Related to our life’s objectives is the understanding (interpretation) of education. For this there are key words/concepts to consider: read, communicate, questions, answers, wisdom, growth, values, truth and applications. We need to decide what kind of life-education to explore. There are Christians (perhaps unofficial) who do not seek Christian education, or seeking it, do not commit to live by it. There is hypocrisy possible in every context of life. Living by truth is as important, as learning truth. God holds us to what we know. Violating truth invites banishment. At the same time, we need to know there is humane hypocrisy. In common grace it is possible to live well, follow God’s laws as they are found in nature for the good life. If there were no God I am grateful that I have lived believing that there is. As a young fellow in high school I was already into debilitating habits. The Christian congregation to which I became attached was firm about habits/entertainments like drinking and smoking, entertainments like Hollywood films and most public stage shows, entertainments like dancing – all were frowned upon. That pattern was helpful to me in life formation. Had I continued in the direction I was going, I would certainly have reduced life quality. The current acceptance by Christians of some former distractions seems odd to me, in that so many films of yesteryear were far less suggestive than those now accepted, reviewed in publications, and less commendatory than what we formerly avoided. Many persons in entertainment fields got their start singing in church, and now have helper groups dedicated to assisting them to recover from the distortions of the their lives as celebrities making money, and abandoning Christian contexts helpful to healthy experience. As I write this the world is taken by the news of the contradictions in the death of a high-profile entertainer, a former choir singer, taken by death from drugs and distractions.

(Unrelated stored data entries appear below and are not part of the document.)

(* Let $m\ge1$, $0=c_1<c_2<\cdots<c_m$ be fixed, and for $x\in\mathbb{R}$ let $\vec t=(t_1,\dots,t_m)=(x,c_2+x,\dots,c_m+x)$. Let $\hat\omega_0:=1$ and $\hat\omega_1,\dots,\hat\omega_m\ge0$, let $\omega_k:=\hat\omega_k-\hat\omega_{k-1}$ ($k=1,\dots,m$), and consider the weight $w(s)={\rm e}^{-s^2}\big(1+\sum_{k=1}^m\omega_k\theta(s-t_k)\big)$ on $\mathbb{R}$. Let $n\ge1$, and let $a_k(x),b_k(x)$ ($k=1,\dots,m$) be the functions defined in the context from the Lax matrix of the associated Riemann–Hilbert problem. Then for $k=1,\dots,m$, $$R_{n,k}(\vec t)=\frac{a_kb_k^2}{\sum_{j=1}^ma_jb_j+n},\qquad r_{n,k}(\vec t)=a_kb_k,$$ equivalently (when the denominators are nonzero) $$a_k=\frac{r_{n,k}^2}{R_{n,k}\big(\sum_{j=1}^mr_{n,j}+n\big)},\qquad b_k=\frac{R_{n,k}}{r_{n,k}}\Big(\sum_{j=1}^mr_{n,j}+n\Big),$$ and moreover $a_k(x)=\frac12R_{n-1,k}(\vec t)$.
   Context: $\theta(y)=1$ for $y>0$ and $0$ otherwise. $P_j(z)$ is the monic degree-$j$ polynomial orthogonal w.r.t. $w$ on $\mathbb{R}$, $\int P_jP_kw\,ds=h_k\delta_{jk}$, $h_k>0$. $R_{j,k}:=\omega_k{\rm e}^{-t_k^2}P_j(t_k)^2/h_j$ and $r_{n,k}:=\omega_k{\rm e}^{-t_k^2}P_n(t_k)P_{n-1}(t_k)/h_{n-1}$. Define for $z\notin\mathbb{R}$ the $2\times2$ matrix $$Y(z)=\begin{pmatrix}P_n(z)&\frac{1}{2\pi i}\int_{\mathbb{R}}\frac{P_n(s)w(s)}{s-z}ds\\ -\frac{2\pi i}{h_{n-1}}P_{n-1}(z)&-\frac{1}{h_{n-1}}\int_{\mathbb{R}}\frac{P_{n-1}(s)w(s)}{s-z}ds\end{pmatrix},$$ and $\Phi(z;x):=\sigma_1{\rm e}^{\frac{x^2}{2}\sigma_3}Y(z+x){\rm e}^{-\frac12(z+x)^2\sigma_3}\sigma_1$, where $\sigma_1=\begin{pmatrix}0&1\\1&0\end{pmatrix}$, $\sigma_3=\begin{pmatrix}1&0\\0&-1\end{pmatrix}$. It is known that $\Phi$ satisfies $\partial_z\Phi=A(z;x)\Phi$ with $$A(z;x)=(z+x)\sigma_3+A_\infty(x)+\sum_{k=1}^m\frac{A_k(x)}{z-c_k},$$ $$A_\infty=\begin{pmatrix}0&y\\-2\big(\sum_{k}a_kb_k+n\big)/y&0\end{pmatrix},\qquad A_k=\begin{pmatrix}a_kb_k&a_ky\\-a_kb_k^2/y&-a_kb_k\end{pmatrix},$$ for scalar functions $y(x)$, $a_k(x)$, $b_k(x)$; these define $a_k,b_k$ (namely $y=(A_\infty)_{12}$, $a_k=(A_k)_{12}/y$, $a_kb_k=(A_k)_{11}$). *)

theory Defs
  imports "HOL-Analysis.Analysis" "HOL-Computational_Algebra.Polynomial"
begin
lemma tendsto_of_linear_ode:
  fixes z \<rho> :: "real \<Rightarrow> real"
  assumes "L > 0" and rho: "(\<rho> \<longlongrightarrow> L) at_top"
    and pos: "\<And>t. t \<ge> 0 \<Longrightarrow> z t > 0"
    and deriv: "\<And>t. t \<ge> 0 \<Longrightarrow> (z has_real_derivative c - \<rho> t * z t) (at t within {0..})"
  shows "(z \<longlongrightarrow> c / L) at_top"
proof (rule tendstoI)
  fix \<epsilon> :: real assume "\<epsilon> > 0"
  have "((\<lambda>\<eta>. c / (L - \<eta>)) \<longlongrightarrow> c / (L - 0)) (at_right 0)"
    "((\<lambda>\<eta>. c / (L + \<eta>)) \<longlongrightarrow> c / (L + 0)) (at_right 0)"
    using \<open>L > 0\<close> by (intro tendsto_intros; simp)+
  then have "\<forall>\<^sub>F \<eta> in at_right 0.
      \<eta> < L \<and> c / (L - \<eta>) < c / L + \<epsilon> / 2 \<and> c / L - \<epsilon> / 2 < c / (L + \<eta>)"
    using \<open>L > 0\<close> \<open>\<epsilon> > 0\<close>
    by (intro eventually_conj eventually_at_right_less order_tendstoD) auto
  then obtain \<eta> where \<eta>: "\<eta> > 0" "\<eta> < L"
    "c / (L - \<eta>) < c / L + \<epsilon> / 2" "c / L - \<epsilon> / 2 < c / (L + \<eta>)"
    unfolding eventually_at_right_field by (metis dense)
  have "\<forall>\<^sub>F t in at_top. \<bar>\<rho> t - L\<bar> < \<eta>"
    using tendstoD[OF rho \<open>\<eta> > 0\<close>] by (simp add: dist_real_def)
  then obtain t1 where t1: "\<And>t. t \<ge> t1 \<Longrightarrow> \<bar>\<rho> t - L\<bar> < \<eta>"
    by (auto simp: eventually_at_top_linorder)
  define t0 where "t0 = max t1 0"
  have "t0 \<ge> 0" by (simp add: t0_def)
  have t0: "\<bar>\<rho> t - L\<bar> < \<eta> \<and> z t > 0" if "t \<ge> t0" for t
    using t1[of t] pos[of t] that by (simp add: t0_def)
  \<comment> \<open>From t0 on, z is squeezed between solutions of z' = c - (L \<mp> \<eta>) z.\<close>
  have below: "\<forall>\<^sub>F t in at_top. z t < c / (L - \<eta>) + \<epsilon> / 2"
  proof (rule linear_diff_ineq_eventually_less[OF \<open>t0 \<ge> 0\<close>])
    fix t assume t: "t \<ge> t0"
    show "(z has_real_derivative c - \<rho> t * z t) (at t within {0..})"
      using deriv t \<open>t0 \<ge> 0\<close> by simp
    have "(L - \<eta>) * z t \<le> \<rho> t * z t"
      using t0[OF t] by (intro mult_right_mono) auto
    then show "c - \<rho> t * z t \<le> - (L - \<eta>) * z t + c" by (simp add: algebra_simps)
  qed (use \<eta> \<open>\<epsilon> > 0\<close> in simp_all)
  have above: "\<forall>\<^sub>F t in at_top. - z t < (- c) / (L + \<eta>) + \<epsilon> / 2"
  proof (rule linear_diff_ineq_eventually_less[OF \<open>t0 \<ge> 0\<close>])
    fix t assume t: "t \<ge> t0"
    show "((\<lambda>t. - z t) has_real_derivative - (c - \<rho> t * z t)) (at t within {0..})"
      using DERIV_minus[OF deriv[of t]] t \<open>t0 \<ge> 0\<close> by simp
    have "\<rho> t * z t \<le> (L + \<eta>) * z t"
      using t0[OF t] by (intro mult_right_mono) auto
    then show "- (c - \<rho> t * z t) \<le> - (L + \<eta>) * - z t + - c" by (simp add: algebra_simps)
  qed (use \<eta> \<open>\<epsilon> > 0\<close> in simp_all)
  show "\<forall>\<^sub>F t in at_top. dist (z t) (c / L) < \<epsilon>"
    using below above
  proof eventually_elim
    case (elim t)
    have "(- c) / (L + \<eta>) = - (c / (L + \<eta>))" by simp
    with elim \<eta>(3,4) show ?case unfolding dist_real_def abs_less_iff by linarith
  qed
qed

lemma tendsto_mult_exp_neg:
  fixes c d :: real
  assumes "d < 0"
  shows "((\<lambda>t. c * exp (d * t)) \<longlongrightarrow> 0) at_top"
  using assms by real_asymp

lemma abs_divide_sum_mult_le:
  fixes s p q :: real
  assumes "p > 0" "q > 0"
  shows "\<bar>s / (p + q) * q\<bar> \<le> \<bar>s\<bar>"
proof -
  have "\<bar>s / (p + q) * q\<bar> = \<bar>s\<bar> * (q / (p + q))"
    using assms by (simp add: abs_mult)
  also have "\<dots> \<le> \<bar>s\<bar>"
    using assms by (intro mult_left_le) auto
  finally show ?thesis .
qed

lemma alpha_swap: "alpha tau y x = - alpha tau x y"
  by (simp add: alpha_def)

lemma Pfun_swap: "Pfun r C tau y x v u = Qfun r C tau x y u v"
  and Qfun_swap: "Qfun r C tau y x v u = Pfun r C tau x y u v"
  by (simp_all add: Pfun_def Qfun_def alpha_swap[of tau x y] add.commute)

lemma is_solution_swap:
  "is_solution r C tau x y nx ny \<Longrightarrow> is_solution r C tau y x ny nx"
  unfolding is_solution_def by (metis Pfun_swap Qfun_swap)

lemma equilibrium_imp_fitness_zero:
  assumes "u > 0" "v > 0" "Pfun r C tau x y u v = 0" "Qfun r C tau x y u v = 0"
  shows "r x - r y + alpha tau x y = 0"
proof -
  let ?s = "alpha tau x y"
  have "r x - C * u - C * v + ?s / (u + v) * v = 0" "r y - C * u - C * v - ?s / (u + v) * u = 0"
    using assms by (auto simp: Pfun_def Qfun_def)
  moreover have "?s / (u + v) * v + ?s / (u + v) * u = ?s / (u + v) * (u + v)"
    by (simp add: distrib_left)
  moreover have "?s / (u + v) * (u + v) = ?s"
    using assms by simp
  ultimately show ?thesis by linarith
qed

lemma invasion_fitness_constant_competition:
  assumes "Cf y x = C" "Cf x x = C" "C \<noteq> 0" "r x \<noteq> 0"
  shows "invasion_fitness r Cf tau 0 1 y x = r y - r x + alpha tau y x"
  using assms by (simp add: invasion_fitness_def)

lemma solution_has_derivative:
  assumes "is_solution r C tau x y nx ny" "t \<ge> 0"
  shows "(nx has_real_derivative
      (r x - C * nx t - C * ny t + alpha tau x y / (nx t + ny t) * ny t) * nx t) (at t within {0..})"
    and "(ny has_real_derivative
      (r y - C * nx t - C * ny t - alpha tau x y / (nx t + ny t) * nx t) * ny t) (at t within {0..})"
  using assms unfolding is_solution_def Pfun_def Qfun_def by blast+

lemma solution_continuous:
  assumes "is_solution r C tau x y nx ny"
  shows "continuous_on {0..} nx" "continuous_on {0..} ny"
  using assms unfolding is_solution_def continuous_on_eq_continuous_within
  by (auto intro: DERIV_continuous)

We are physically mature before we are spiritually and mentally mature. This is perceived by many counselors who are trying to do something about the conduct of collegians in fraternities and sororities. Some of these persons, closing in on adulthood, violate what they are learning. A part of learning and that which makes it major in our lives is the application of education to self and to others, for their benefit. We know that it works in the physical realm, which includes our occupations. Does it reach our personal lives? What touches personal conduct, beliefs, and reaching out toward the mystery of life which begs for improvement in beliefs, values, and whatever it is that we define as spiritual in our lives. Education without a value system is to find cleverness, perhaps materialism, some refinement, but we may feel not worth the effort when all is done, and we meet the end of life. Reading our greatest literature, we find a kind of regret, or remorse, or even confusion or wonder about what the human performance is really worth.

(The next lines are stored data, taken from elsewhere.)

text \<open>A row consisting of circled letters only is strictly increasing from at least 1
  and bounded by its flag, so it is no longer than the flag.\<close>

lemma uncircled_shape_zero_imp_le_flag:
  assumes T: "marked_tableau lam f n T" and lam: "strict_partition lam" and a: "a < length lam"
    and zero: "uncircled_shape lam T ! a = 0"
  shows "lam ! a \<le> f ! a"
proof -
  define i where "i = Suc a"
  have cell: "(i, i + k) \<in> shdiag lam" if "k < lam ! a" for k
    using a that unfolding i_def by (auto simp: shdiag_iff)
  have circ: "T (i, i + k) = LCi (circ_index (T (i, i + k)))" if "k < lam ! a" for k
  proof -
    have "(i, i + k) \<notin> shdiag (uncircled_shape lam T)"
      using zero unfolding i_def by (auto simp: shdiag_iff)
    then show ?thesis
      using shdiag_uncircled_shape_iff[OF T cell[OF that]] circled_iff by blast
  qed
  have grow: "k < lam ! a \<Longrightarrow> k < circ_index (T (i, i + k))" for k
  proof (induction k)
    case 0
    then show ?case
      using marked_tableau_range[OF T cell[OF 0]] circ[OF 0] by (cases "T (i, i + 0)") auto
  next
    case (Suc k)
    then have "row_le (T (i, i + k)) (T (i, i + Suc k))"
      using marked_tableau_row[OF T cell[of k] cell[OF Suc.prems]] by simp
    then have "circ_index (T (i, i + k)) < circ_index (T (i, i + Suc k))"
      using circ[of k] circ[OF Suc.prems] Suc.prems by (metis Suc_lessD row_le_LCi_iff)
    then show ?case
      using Suc by simp
  qed
  have last: "lam ! a - 1 < lam ! a"
    using strict_partition_nth_pos[OF lam a] by simp
  have "lle (T (i, i + (lam ! a - 1))) (LCi (f ! a))"
    using marked_tableau_flag[OF T cell[OF last]] unfolding i_def by simp
  then have "circ_index (T (i, i + (lam ! a - 1))) \<le> f ! a"
    using circ[OF last] by (metis lle_LCi_iff circled.simps(1) circ_index.simps(1))
  then show ?thesis
    using grow[OF last] by linarith
qed

lemma uncircled_shape_pos:
  assumes T: "marked_tableau lam f n T" and lam: "strict_partition lam"
    and flags: "2 \<le> length lam \<longrightarrow>
           f ! (length lam - 2) < lam ! (length lam - 2) \<or> f ! (length lam - 1) < lam ! (length lam - 1)"
    and a: "Suc a < length lam"
  shows "0 < uncircled_shape lam T ! a"
proof (rule ccontr)
  assume "\<not> 0 < uncircled_shape lam T ! a"
  then have "uncircled_shape lam T ! a = 0"
    by simp
  have zero: "b < length lam \<Longrightarrow> uncircled_shape lam T ! b = 0" if "a \<le> b" for b
    using that
  proof (induction b rule: dec_induct)
    case (step b)
    then show ?case
      using uncircled_shape_Suc_zero[OF T lam] by simp
  qed (use \<open>uncircled_shape lam T ! a = 0\<close> in simp)
  have "lam ! (length lam - 2) \<le> f ! (length lam - 2)" "lam ! (length lam - 1) \<le> f ! (length lam - 1)"
    using a by (auto intro!: uncircled_shape_zero_imp_le_flag[OF T lam] zero)
  then show False
    using flags a by auto
qed

lemma uncircled_shape_decreasing:
  assumes T: "marked_tableau lam f n T" and lam: "strict_partition lam"
    and flags: "2 \<le> length lam \<longrightarrow>
           f ! (length lam - 2) < lam ! (length lam - 2) \<or> f ! (length lam - 1) < lam ! (length lam - 1)"
    and a: "Suc a < length lam"
  shows "uncircled_shape lam T ! Suc a < uncircled_shape lam T ! a"
  using uncircled_shape_Suc_less[OF T lam a] uncircled_shape_pos[OF T lam flags a]
  by (cases "uncircled_shape lam T ! Suc a") auto

lemma decreasing_imp_sorted_bar:
  fixes l :: "nat list"
  assumes "\<forall>a. Suc a < length l \<longrightarrow> l ! Suc a < l ! a"
  shows "sorted_wrt (>) l" and "sorted_wrt (\<ge>) (bar l)"
  using assms by (auto simp: sorted_wrt_iff_nth_Suc_transp)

The truly educated are seeking a life worth living. Education is first of all for the person. It is for my mind, my body, my ideals, my health, my meaning for mortal life. Those who destroy their lives, perhaps in drugs, never really grew up, except physically. That is never enough. Friends who remain after tragic deaths, including children of the deceased, often make up stories about them, find a place in some heaven for them (make them something they may not have been) perhaps to comfort the family and public interest.

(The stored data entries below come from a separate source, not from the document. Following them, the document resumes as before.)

(* Let $\mathcal{S}$ be an $E$-unitary inverse semigroupoid, let $\theta$ be the Munn action of $\mathcal{S}$ on $E(\mathcal{S})$, and let $\alpha$ be the induced ordered partial action of $\mathcal{S}/\sigma$ on $E(\mathcal{S})$. Then the map $\phi:\mathcal{S}\to\mathcal{S}/\sigma\ltimes_\alpha E(\mathcal{S})$, $\phi(s)=(\pi_\sigma(s),s^*s)$, is an isomorphism of semigroupoids; in particular $\mathcal{S}\cong\mathcal{S}/\sigma\ltimes_\alpha E(\mathcal{S})$.
   Context: Inverse semigroupoid: arrows $\mathcal{S}$, objects $\mathcal{S}^{(0)}$, maps $d,c$, associative multiplication on $\mathcal{S}^{(2)}=\{(s,t):d(s)=c(t)\}$ with $d(st)=d(t)$, $c(st)=c(s)$, unique $s^*$ with $ss^*s=s$, $s^*ss^*=s^*$; $E(\mathcal{S})$ = idempotents (a semilatticeoid: idempotents over the same object commute and their product is their meet), ordered by the natural order: for parallel $s,t$, $s\leqslant t$ iff $s=te$ for an idempotent $e$ with $(t,e)\in\mathcal{S}^{(2)}$. $(s,t)\in\sigma$ iff some $r\leqslant s,t$; $\mathcal{S}/\sigma$ is the groupoid of $\sigma$-classes $\pi_\sigma(s)$ with $d(\pi_\sigma(s))=d(s)$, $c(\pi_\sigma(s))=c(s)$, $\pi_\sigma(s)\pi_\sigma(t)=\pi_\sigma(st)$, $\pi_\sigma(s)^*=\pi_\sigma(s^* )$. $E$-unitary: $(s,e)\in\sigma$, $e$ idempotent imply $s$ idempotent. A morphism of semigroupoids $\varphi$ maps composable pairs to composable pairs with $\varphi(st)=\varphi(s)\varphi(t)$; an isomorphism is a bijective morphism whose inverse is a morphism. Munn action: $X_s=\{e\in E(\mathcal{S}):e\leqslant ss^*\}$, $\theta_s:X_{s^*}\to X_s$, $\theta_s(e)=ses^*$. Induced action of $\mathcal{S}/\sigma$: $D_{\pi_\sigma(s)}=\bigcup_{t:(s,t)\in\sigma}X_t$ and $\alpha_{\pi_\sigma(s)}:D_{\pi_\sigma(s^* )}\to D_{\pi_\sigma(s)}$, $\alpha_{\pi_\sigma(s)}(e)=\theta_t(e)$ for any $t$ with $(s,t)\in\sigma$ and $e\in X_{t^*}$. Semidirect product of a groupoid $\mathcal{G}$ acting partially by $\alpha=(\{D_g\},\{\alpha_g\})$ on a semilatticeoid $Y$: $\mathcal{G}\ltimes_\alpha Y=\{(g,y): y\in D_{g^*}\}$, objects $\mathcal{G}^{(0)}\times Y^{(0)}$, $d(g,y)=(d(g),d(y))$, $c(g,y)=(c(g),c(\alpha_g(y)))$, product $(g,x)(h,y)=(gh,\alpha_{h^*}(x\,\alpha_h(y)))$ defined when $(g,h)$ composable and $(x,\alpha_h(y))\in Y^{(2)}$ (i.e. over the same object). *)

theory Defs
  imports Main
begin

record ('a, 'o) sgpd =
  sarr :: "'a set"
  sobj :: "'o set"
  sdom :: "'a \<Rightarrow> 'o"
  scod :: "'a \<Rightarrow> 'o"
  smul :: "'a \<Rightarrow> 'a \<Rightarrow> 'a"

definition composable :: "('a, 'o, 'b) sgpd_scheme \<Rightarrow> 'a \<Rightarrow> 'a \<Rightarrow> bool" where
  "composable S s t \<longleftrightarrow> s \<in> sarr S \<and> t \<in> sarr S \<and> sdom S s = scod S t"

Education to application never ends. We graduate to begin. Ninety plus years of age, and I am still learning, about myself, about society, about the world, about the meaning of growth in understanding to wisdom, and that includes the meaning of God to life and experience. Experience never seems enough, but it is much better than formerly for me, because of growth. They say economies will not sustain prosperity unless they grow. Growth is not only in quantity. What if we discovered how to grow the economy in the quality of it, the sharing and creativity? One finds the best education when it changes the person to what we might call goodness, and if a Christian, to righteousness as drawn from the holiness of God. Jesus chose Mary and Joseph, and grew up in an ordinary but devout home, in a remote village, and became a teacher. That is enough for me to extol the benefits of education and service – for life.